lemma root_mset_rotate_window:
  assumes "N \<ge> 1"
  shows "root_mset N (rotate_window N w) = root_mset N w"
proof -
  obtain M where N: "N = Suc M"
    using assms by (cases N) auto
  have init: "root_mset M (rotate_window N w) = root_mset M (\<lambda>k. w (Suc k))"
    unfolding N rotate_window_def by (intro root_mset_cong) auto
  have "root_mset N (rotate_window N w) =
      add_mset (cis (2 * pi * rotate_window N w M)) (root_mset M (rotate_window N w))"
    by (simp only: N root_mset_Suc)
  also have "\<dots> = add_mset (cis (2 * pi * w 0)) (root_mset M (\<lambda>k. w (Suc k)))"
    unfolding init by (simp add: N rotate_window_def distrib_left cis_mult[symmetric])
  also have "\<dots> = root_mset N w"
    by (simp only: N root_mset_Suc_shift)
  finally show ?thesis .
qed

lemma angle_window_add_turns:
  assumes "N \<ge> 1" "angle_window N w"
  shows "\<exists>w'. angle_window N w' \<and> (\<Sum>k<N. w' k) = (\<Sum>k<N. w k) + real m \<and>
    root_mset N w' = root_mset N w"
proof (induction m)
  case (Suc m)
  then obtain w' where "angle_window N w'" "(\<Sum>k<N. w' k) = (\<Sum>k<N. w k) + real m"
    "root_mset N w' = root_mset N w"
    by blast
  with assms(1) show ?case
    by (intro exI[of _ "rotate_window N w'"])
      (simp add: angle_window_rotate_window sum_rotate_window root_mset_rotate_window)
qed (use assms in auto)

--

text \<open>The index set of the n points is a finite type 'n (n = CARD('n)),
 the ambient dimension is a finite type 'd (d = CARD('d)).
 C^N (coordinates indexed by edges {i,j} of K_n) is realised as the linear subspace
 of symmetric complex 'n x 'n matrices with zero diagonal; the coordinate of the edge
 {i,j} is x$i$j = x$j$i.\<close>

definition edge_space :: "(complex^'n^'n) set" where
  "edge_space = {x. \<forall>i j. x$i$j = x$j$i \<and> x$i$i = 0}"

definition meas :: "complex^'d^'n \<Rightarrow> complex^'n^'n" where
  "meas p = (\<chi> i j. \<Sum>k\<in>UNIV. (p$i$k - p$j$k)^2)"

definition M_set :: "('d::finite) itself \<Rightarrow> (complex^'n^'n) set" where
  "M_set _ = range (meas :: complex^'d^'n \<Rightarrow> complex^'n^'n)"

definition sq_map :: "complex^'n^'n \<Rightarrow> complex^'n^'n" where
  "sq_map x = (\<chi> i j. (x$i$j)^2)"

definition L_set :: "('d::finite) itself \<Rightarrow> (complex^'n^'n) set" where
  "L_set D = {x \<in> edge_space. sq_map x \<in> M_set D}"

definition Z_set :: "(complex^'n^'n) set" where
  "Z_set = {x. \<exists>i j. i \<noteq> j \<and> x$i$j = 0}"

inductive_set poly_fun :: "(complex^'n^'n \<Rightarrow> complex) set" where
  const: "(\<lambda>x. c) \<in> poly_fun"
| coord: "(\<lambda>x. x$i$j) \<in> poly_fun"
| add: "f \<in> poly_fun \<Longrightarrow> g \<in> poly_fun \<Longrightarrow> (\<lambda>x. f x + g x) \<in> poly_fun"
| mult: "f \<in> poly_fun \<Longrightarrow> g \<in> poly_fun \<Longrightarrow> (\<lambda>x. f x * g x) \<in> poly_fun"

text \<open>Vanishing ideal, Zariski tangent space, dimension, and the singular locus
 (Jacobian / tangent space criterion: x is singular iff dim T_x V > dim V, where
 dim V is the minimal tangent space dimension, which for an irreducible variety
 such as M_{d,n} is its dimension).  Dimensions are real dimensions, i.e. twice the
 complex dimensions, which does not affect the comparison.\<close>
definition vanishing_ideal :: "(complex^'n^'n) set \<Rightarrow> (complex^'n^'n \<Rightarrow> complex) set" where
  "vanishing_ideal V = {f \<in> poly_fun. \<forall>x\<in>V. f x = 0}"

◆ Instructions for the task
Write down, word for word, the lines above from the one containing "with assms(1) show ?case" through the one containing "qed (use assms in auto)", both ends included.

◆ Output below
  with assms(1) show ?case
    by (intro exI[of _ "rotate_window N w'"])
      (simp add: angle_window_rotate_window sum_rotate_window root_mset_rotate_window)
qed (use assms in auto)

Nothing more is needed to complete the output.